A collection of variously-sized wrinkles greeted them non-committally from behind the desk. "Which of you is here for the job?"

Bill extended his hand. "I am. Bill Hall, Mr.--?"

"Yank," said the wrinkles.

"Mr. Yank. Pleased to meet you." The wrinkles had not accepted his hand, so he withdrew it.

"No, you're a Yank. I'm not Mr. Yank, I'm Mr. Palmer. You're a Yank. That's all I need to know. Get out of here. I got no jobs for bloody Yanks."

Molly offered her hand. "Bill is my nephew, Mr. Palmer. My name is--"

"I don't care what your name is. You didn't tell me on the phone that he was a Yank. You go, too. Beat it."

Bill clenched his fists. "I'll beat it, Palmer. But 'it' just might be your head. I always thought the English had manners. I ought to belt you for talking to a lady like that."

The wrinkles shrugged. "I ain't no flippin' royalty, just a mechanic. I talk any way I please and to whom I please. And I don't please to talk to you any more, Yank." He turned to Molly and gave a mock bow. "Or to you, your ladyness."

Bill grasped the lip of the desk with his fingers, braced his left foot on one of the ornately carved legs and lifted. The oak seams began to crack and groan as Bill exerted more and more pressure.

Palmer jumped up. "What are you doing? You'll rip the top off my desk doing that!"

"That's right," Bill grunted.

"Why would you want to do that?"

"Because I don't like you. Because you're a jerk and a bigot. Because I feel like it. Or maybe it's 'D', all of the above."

Palmer sat down in defeat. "All right, all right. Stop before you destroy a perfectly good antique. What do you want, Mr. Hill?"

"Hall," Bill corrected.

"It's right behind you through that door, Mr. Hill."
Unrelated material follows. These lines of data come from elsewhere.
text \<open>
  With \<open>q\<^sub>i = 1 - (1 - p)\<^sup>i\<close>, the sum \<open>Y\<close> has mean \<open>\<mu> = \<Sum>\<^sub>i 1/q\<^sub>i\<close> and variance
  \<open>\<sigma>\<^sup>2 = \<Sum>\<^sub>i (1 - q\<^sub>i)/q\<^sub>i\<^sup>2 \<le> \<mu>/p\<close>. Bernoulli's inequality gives
  \<open>(1 - ip)/(ip) \<le> 1/q\<^sub>i - 1 \<le> 1/(ip)\<close>, so \<open>\<mu> - m\<close> is squeezed between harmonic sums over \<open>p\<close>:
  for \<open>p = f ln n / n\<close> and \<open>m = n/7\<close> this gives \<open>\<mu> \<le> n/7 + n/f + o(n)\<close>, and summing only over
  \<open>i \<le> n/(ln n)\<^sup>2\<close> gives \<open>\<mu> \<ge> n/7 + (1 - o(1)) n/f\<close> (needed only when \<open>f\<close> is bounded, since
  otherwise \<open>n/f\<close> is absorbed by \<open>\<epsilon> n\<close>). Hence the window contains \<open>\<mu> \<plusminus> \<epsilon>n/14\<close>, while
  \<open>\<sigma>\<^sup>2 = O(n\<^sup>2/ln n)\<close>, and Chebyshev's inequality bounds the failure probability by
  \<open>O(1/(\<epsilon>\<^sup>2 ln n))\<close>.
\<close>

section \<open>Moments of the shifted geometric distribution\<close>

lemma summable_geometric_times_Suc_square:
  fixes c :: real
  assumes "0 \<le> c" "c < 1"
  shows "summable (\<lambda>n. c ^ n * real (Suc n) ^ 2)"
proof -
  define d where "d = sqrt c"
  have d: "0 \<le> d" "d < 1" and c_eq: "c = d ^ 2"
    using assms by (auto simp: d_def real_sqrt_lt_1_iff)
  let ?a = "\<lambda>n. d ^ n * real (Suc n)"
  have "summable (\<lambda>n. d ^ n * real n + d ^ n)"
    using geometric_sums_times_n[of d] d by (intro summable_add summable_geometric) (auto simp: sums_iff)
  hence summable_a: "summable ?a"
    by (simp add: algebra_simps)
  \<comment> \<open>the terms of a convergent series are eventually below 1, hence dominate their squares\<close>
  have "eventually (\<lambda>n. ?a n < 1) sequentially"
    using order_tendstoD(2)[OF summable_LIMSEQ_zero[OF summable_a], of 1] by simp
  then obtain N where N: "\<And>n. n \<ge> N \<Longrightarrow> ?a n < 1"
    by (auto simp: eventually_sequentially)
  show ?thesis
  proof (rule summable_comparison_test'[OF summable_a])
    fix n assume "n \<ge> N"
    have "norm (c ^ n * real (Suc n) ^ 2) = ?a n * ?a n"
      using d by (simp add: c_eq power2_eq_square power_mult_distrib flip: power_mult)
    also have "\<dots> \<le> 1 * ?a n"
      using N[OF \<open>n \<ge> N\<close>] d by (intro mult_right_mono) auto
    finally show "norm (c ^ n * real (Suc n) ^ 2) \<le> ?a n" by simp
  qed
qed
text \<open>The quotient M/U is F-torsion-free: (M/U)[a] = 0 for all a in F, i.e.
  whenever a x is contained in U then x lies in U.\<close>
definition quot_F_torsion_free :: "'s set set \<Rightarrow> ('s, 'b) module \<Rightarrow> 'b set \<Rightarrow> bool" where
  "quot_F_torsion_free F M U \<longleftrightarrow>
     (\<forall>a\<in>F. \<forall>x\<in>carrier M. (\<forall>r\<in>a. r \<odot>\<^bsub>M\<^esub> x \<in> U) \<longrightarrow> x \<in> U)"

definition simple_F_torsion_free ::
    "('s, 'c) ring_scheme \<Rightarrow> 's set set \<Rightarrow> ('s, 'b) module \<Rightarrow> bool" where
  "simple_F_torsion_free R F M \<longleftrightarrow>
     carrier M \<noteq> {\<zero>\<^bsub>M\<^esub>} \<and> F_torsion_free F M \<and>
     (\<forall>U. submodule U R M \<and> U \<noteq> {\<zero>\<^bsub>M\<^esub>} \<and> U \<subset> carrier M \<longrightarrow>
          \<not> quot_F_torsion_free F M U)"

definition F_divisible :: "'s set set \<Rightarrow> ('s, 'b) module \<Rightarrow> 'b set \<Rightarrow> bool" where
  "F_divisible F M W \<longleftrightarrow> (\<forall>a\<in>F. ideal_times M a W = W)"

definition simple_F_divisible ::
    "('s, 'c) ring_scheme \<Rightarrow> 's set set \<Rightarrow> ('s, 'b) module \<Rightarrow> bool" where
  "simple_F_divisible R F M \<longleftrightarrow>
     carrier M \<noteq> {\<zero>\<^bsub>M\<^esub>} \<and> F_divisible F M (carrier M) \<and>
     (\<forall>V. submodule V R M \<and> V \<noteq> {\<zero>\<^bsub>M\<^esub>} \<and> V \<subset> carrier M \<longrightarrow>
          \<not> F_divisible F M V)"

definition torsion_free :: "('s, 'c) ring_scheme \<Rightarrow> ('s, 'b) module \<Rightarrow> bool" where
  "torsion_free D M \<longleftrightarrow>
     (\<forall>d\<in>carrier D - {\<zero>\<^bsub>D\<^esub>}. \<forall>x\<in>carrier M.
        d \<odot>\<^bsub>M\<^esub> x = \<zero>\<^bsub>M\<^esub> \<longrightarrow> x = \<zero>\<^bsub>M\<^esub>)"

text \<open>The quotient M/U is torsion-free.\<close>
definition quot_torsion_free :: "('s, 'c) ring_scheme \<Rightarrow> ('s, 'b) module \<Rightarrow> 'b set \<Rightarrow> bool" where
  "quot_torsion_free D M U \<longleftrightarrow>
     (\<forall>d\<in>carrier D - {\<zero>\<^bsub>D\<^esub>}. \<forall>x\<in>carrier M. d \<odot>\<^bsub>M\<^esub> x \<in> U \<longrightarrow> x \<in> U)"

definition simple_torsion_free :: "('s, 'c) ring_scheme \<Rightarrow> ('s, 'b) module \<Rightarrow> bool" where
  "simple_torsion_free D M \<longleftrightarrow>
     carrier M \<noteq> {\<zero>\<^bsub>M\<^esub>} \<and> torsion_free D M \<and>
     (\<forall>U. submodule U D M \<and> U \<noteq> {\<zero>\<^bsub>M\<^esub>} \<and> U \<subset> carrier M \<longrightarrow>
          \<not> quot_torsion_free D M U)"

definition divisible :: "('s, 'c) ring_scheme \<Rightarrow> ('s, 'b) module \<Rightarrow> 'b set \<Rightarrow> bool" where
  "divisible D M W \<longleftrightarrow> (\<forall>d\<in>carrier D - {\<zero>\<^bsub>D\<^esub>}. (\<lambda>x. d \<odot>\<^bsub>M\<^esub> x) ` W = W)"

definition simple_divisible :: "('s, 'c) ring_scheme \<Rightarrow> ('s, 'b) module \<Rightarrow> bool" where
  "simple_divisible D M \<longleftrightarrow>
     carrier M \<noteq> {\<zero>\<^bsub>M\<^esub>} \<and> divisible D M (carrier M) \<and>
     (\<forall>V. submodule V D M \<and> V \<noteq> {\<zero>\<^bsub>M\<^esub>} \<and> V \<subset> carrier M \<longrightarrow>
          \<not> divisible D M V)"

text \<open>Same underlying abelian group; the coset W = p + r acts as r does
  (well defined when p N = 0).\<close>
definition quot_module :: "('a, 'b) module \<Rightarrow> ('a set, 'b) module" where
  "quot_module N =
     \<lparr>carrier = carrier N, monoid.mult = monoid.mult N, one = one N, ring.zero = ring.zero N, ring.add = ring.add N,
      smult = (\<lambda>W x. SOME y. \<exists>r\<in>W. y = r \<odot>\<^bsub>N\<^esub> x)\<rparr>"

end

theory Submission
  imports Defs
begin

text \<open>For \<open>p \<in> F*\<close>, no ideal of \<open>F\<close> is contained in \<open>p\<close> (else \<open>p \<in> F\<close>), while
  \<open>p + Rd \<in> F\<close> for every \<open>d \<notin> p\<close>: in a Noetherian ring an ideal outside \<open>F\<close> lies in an
  ideal maximal outside \<open>F\<close>, the closure axiom of the Gabriel topology makes such an ideal
  prime, and the only prime outside \<open>F\<close> containing \<open>p\<close> is \<open>p\<close>. Hence on a module killed
  by \<open>p\<close> the condition \<open>a x \<subseteq> U\<close> for some \<open>a \<in> F\<close> becomes \<open>d x \<in> U\<close> for some \<open>d \<notin> p\<close>, and
  \<open>a V = V\<close> for all \<open>a \<in> F\<close> becomes \<open>d V = V\<close> for all \<open>d \<notin> p\<close>. These are the torsion and
  divisibility conditions over \<open>R/p\<close>, whose nonzero elements are the cosets \<open>p + d\<close>, \<open>d \<notin> p\<close>,
  acting as \<open>d\<close>.\<close>

section \<open>Gabriel topologies on Noetherian rings\<close>

lemma gabriel_topology_ideal:
  "gabriel_topology R F \<Longrightarrow> a \<in> F \<Longrightarrow> ideal a R"
  unfolding gabriel_topology_def by blast

lemma gabriel_topology_subset_carrier:
  "gabriel_topology R F \<Longrightarrow> a \<in> F \<Longrightarrow> a \<subseteq> carrier R"
  by (meson gabriel_topology_ideal ideal.Icarr subsetI)

lemma gabriel_topology_upward_closed:
  "gabriel_topology R F \<Longrightarrow> a \<in> F \<Longrightarrow> ideal b R \<Longrightarrow> a \<subseteq> b \<Longrightarrow> b \<in> F"
  unfolding gabriel_topology_def by blast

lemma gabriel_topology_colon_closed:
  assumes "gabriel_topology R F" and "a \<in> F" and "ideal b R"
    and "\<And>r. r \<in> a \<Longrightarrow> colon_ideal R b r \<in> F"
  shows "b \<in> F"
proof -
  have "\<forall>b. ideal b R \<and> (\<exists>a\<in>F. \<forall>r\<in>a. colon_ideal R b r \<in> F) \<longrightarrow> b \<in> F"
    using assms(1) unfolding gabriel_topology_def by (elim conjE)
  with assms(2-4) show ?thesis by blast
qed

lemma (in ring) gabriel_topology_carrier:
  assumes "gabriel_topology R F"
  shows "carrier R \<in> F"
proof -
  from assms obtain a where a: "a \<in> F"
    unfolding gabriel_topology_def by blast
  show ?thesis
    by (rule gabriel_topology_upward_closed[OF assms a oneideal gabriel_topology_subset_carrier[OF assms a]])
qed

lemma (in cring) ideal_colon_ideal:
  assumes m: "ideal m R" and x: "x \<in> carrier R"
  shows "ideal (colon_ideal R m x) R"
proof (rule idealI)
  interpret m: ideal m R by fact
  show "ring R" ..
  show "subgroup (colon_ideal R m x) (add_monoid R)"
  proof (rule add.subgroupI)
    show "colon_ideal R m x \<subseteq> carrier R" "colon_ideal R m x \<noteq> {}"
      using x by (auto simp: colon_ideal_def intro!: exI[of _ \<zero>])
  next
    fix a b assume "a \<in> colon_ideal R m x" "b \<in> colon_ideal R m x"
    then show "\<ominus> a \<in> colon_ideal R m x" "a \<oplus> b \<in> colon_ideal R m x"
      using x by (auto simp: colon_ideal_def l_minus l_distr)
  qed
  fix a y assume "a \<in> colon_ideal R m x" "y \<in> carrier R"
  then show "y \<otimes> a \<in> colon_ideal R m x" "a \<otimes> y \<in> colon_ideal R m x"
    using x by (auto simp: colon_ideal_def m_assoc m.I_l_closed)
      (metis m.I_r_closed m_assoc m_comm m_closed)
qed

lemma (in cring) mem_set_add_cgenideal_iff:
  "r \<in> (I <+>\<^bsub>R\<^esub> PIdl x) \<longleftrightarrow> (\<exists>a\<in>I. \<exists>s\<in>carrier R. r = a \<oplus> s \<otimes> x)"
  unfolding set_add_def' cgenideal_def by blast

lemma (in cring) set_add_cgenideal_superset:
  assumes "ideal I R" and "x \<in> carrier R"
  shows "insert x I \<subseteq> I <+>\<^bsub>R\<^esub> PIdl x"
proof -
  have "I \<union> PIdl x \<subseteq> Idl (I \<union> PIdl x)"
    using assms cgenideal_ideal by (intro genideal_self) (auto dest: ideal.Icarr)
  moreover have "Idl (I \<union> PIdl x) = I <+>\<^bsub>R\<^esub> PIdl x"
    using assms by (intro union_genideal cgenideal_ideal)
  ultimately show ?thesis
    using cgenideal_self[OF assms(2)] by auto
qed

lemma (in noetherian_ring) ideal_set_has_maximal:
  assumes "S \<noteq> {}" and "\<And>I. I \<in> S \<Longrightarrow> ideal I R"
  obtains M where "M \<in> S" and "\<And>I. I \<in> S \<Longrightarrow> M \<subseteq> I \<Longrightarrow> I = M"
proof -
  have "\<exists>M\<in>S. \<forall>I\<in>S. M \<subseteq> I \<longrightarrow> I = M"
  proof (rule subset_Zorn_nonempty[OF assms(1)])
    fix C assume C: "C \<noteq> {}" "subset.chain S C"
    then have "subset.chain {I. ideal I R} C"
      using assms(2) by (auto simp: pred_on.chain_def)
    then have "\<Union>C \<in> C"
      by (rule ideal_chain_is_trivial[OF C(1)])
    with C show "\<Union>C \<in> S"
      by (auto simp: pred_on.chain_def)
  qed
  then show ?thesis
    using that by blast
qed

text \<open>The usual argument that an ideal maximal with respect to avoiding a multiplicative
  set is prime, with the closure axiom of the Gabriel topology replacing multiplicativity:
  if \<open>x y \<in> M\<close> with \<open>x, y \<notin> M\<close>, then \<open>M + Rx\<close> and \<open>(M : x)\<close> lie in \<open>F\<close>, and
  \<open>(M : x) \<subseteq> (M : r)\<close> for every \<open>r \<in> M + Rx\<close>, forcing \<open>M \<in> F\<close>.\<close>
lemma (in cring) maximal_ideal_outside_gabriel_is_prime:
  assumes gab: "gabriel_topology R F" and M: "ideal M R" "M \<notin> F"
    and above: "\<And>J. ideal J R \<Longrightarrow> M \<subset> J \<Longrightarrow> J \<in> F"
  shows "primeideal M R"
proof (rule primeidealI[OF M(1) is_cring])
  interpret M: ideal M R by fact
  show "carrier R \<noteq> M"
    using gabriel_topology_carrier[OF gab] M(2) by blast
  fix x y assume x: "x \<in> carrier R" and y: "y \<in> carrier R" and xy: "x \<otimes> y \<in> M"
  show "x \<in> M \<or> y \<in> M"
  proof (rule ccontr)
    assume "\<not> (x \<in> M \<or> y \<in> M)"
    then have "M \<subset> M <+>\<^bsub>R\<^esub> PIdl x" and "M \<subset> colon_ideal R M x"
      using set_add_cgenideal_superset[OF M(1) x] x y xy M.I_r_closed m_comm
      by (auto simp: colon_ideal_def)
    then have sum_in: "M <+>\<^bsub>R\<^esub> PIdl x \<in> F" and colon_in: "colon_ideal R M x \<in> F"
      using above add_ideals[OF M(1) cgenideal_ideal[OF x]] ideal_colon_ideal[OF M(1) x]
      by blast+
    have "colon_ideal R M r \<in> F" if "r \<in> M <+>\<^bsub>R\<^esub> PIdl x" for r
    proof -
      from that obtain a s where a: "a \<in> M" and s: "s \<in> carrier R" and r: "r = a \<oplus> s \<otimes> x"
        unfolding mem_set_add_cgenideal_iff by blast
      have "t \<otimes> r \<in> M" if "t \<in> carrier R" "t \<otimes> x \<in> M" for t
      proof -
        have "t \<otimes> r = t \<otimes> a \<oplus> s \<otimes> (t \<otimes> x)"
          using that a s x r by (simp add: r_distr m_lcomm)
        then show ?thesis
          using that a s by (simp add: M.I_l_closed)
      qed
      then have "colon_ideal R M x \<subseteq> colon_ideal R M r"
        by (auto simp: colon_ideal_def)
      moreover have "r \<in> carrier R"
        using r a s x by (simp add: M.Icarr)
      ultimately show ?thesis
        by (intro gabriel_topology_upward_closed[OF gab colon_in] ideal_colon_ideal[OF M(1)])
    qed
    then have "M \<in> F"
      by (rule gabriel_topology_colon_closed[OF gab sum_in M(1)])
    with M(2) show False ..
  qed
qed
Two weeks later, Palmer congratulated himself on having hired the Yank. He knew every kind of car from the newest English models to a 40-year-old Volkswagen. His diagnostic skill bordered on the magical; Palmer sometimes wondered if Bill didn't have x-ray vision.

Under Molly's coaching, Bill began to understand British money well enough to know that Palmer was paying him slave wages. He considered bringing the subject up, but decided that finally having a job was a major blessing, and he had better not press his luck.

One evening about a month after he started working, he came home with his hands dyed a deep brown. "I'm home, Auntie dear," he called. She hated the title and he loved to tease her with it.

Molly grinned to herself and wiped her hands on a towel by the sink where she had been preparing supper. She turned slowly and hobbled toward him like an ancient witch. In a voice that adults use to address small children she said, "Well, how's my big boy tonight? Did you keep your trousers dry today, or did you have an accident again? Oh, my! Look at those hands! You've been playing in the mud again, haven't you?"

Bill collapsed in a chair, laughing. He signaled for a time-out and asked for a truce. Molly savored her victory for a moment and sat. "How did it go today?"

Bill shrugged. "Tell me about your day first."

She waved the question off. "One day at the fabric shop is virtually the same as another."

"Must be nice."

"What do you mean?"

"Palmer keeps losing customers because they don't want a Yank working on their cars. He's tried several times to explain that I didn't push the stupid buttons, but they won't listen. I can really see major bigotry developing here." He sighed. "And in a way I guess I can't blame them."

"Oh, dear. If you're going to start wallowing in guilt again I shall go visit someone. Anyone, in fact."

Bill grinned. "Say hello for me." Molly chuckled and returned to the kitchen.

Bill flipped the TV on. A BBC commentator blandly recited casualty figures from the continued fighting in South America. Another team of investigators disappeared in Africa. Israel was invading what parts of Iraq had escaped the radiation. The Israelis already controlled Jordan and most of Syria. The Iraqis were on the defensive and called for help from the other Arab countries. None answered them.

Bill reached to turn the set off, but paused as the newsman turned to local events.

"Anti-American sentiment appears to be on the rise once more. Near Billingshurst in West Sussex today an angry mob hanged three American tourists. There were no trees in the area suitable for the event, so the perpetrators suspended their victims from the balcony of a summer house, using heavy electrical cords as ropes. This latest act is the nearest one yet to the London area, most such demonstrations taking place far to the north in the rural areas. Experts suggest that the growing anti-Colonial attitude could eventually penetrate the Capital City itself. In other news. . . "

Bill trembled, but not from fear. He tried to picture three innocent people. Were they men? Women? Children? The announcer hadn't even bothered to say. It was enough that they were Americans. He considered the man's euphemisms. Why didn't they call it what it was? Murder. But the victims were Americans, so murder was downgraded to "demonstration."

The next day at work, Palmer cornered him. "Don't talk to anyone today. If they find out you're a Yank you could end up like those three yesterday." Bill nodded. "Not that I care if one more Yank lives or dies, but I'd hate to lose a good mechanic who works cheap."

Bill grimaced. "Thanks a bunch."

He obeyed the order by keeping his head under hoods ("bonnets," he corrected himself) all day. Toward the end of the day the customers drifted away and left Bill with his employer. Bill leaned over the engine compartment while Palmer lay under the front end, inspecting the underside of the bright red Ferrari's V-12.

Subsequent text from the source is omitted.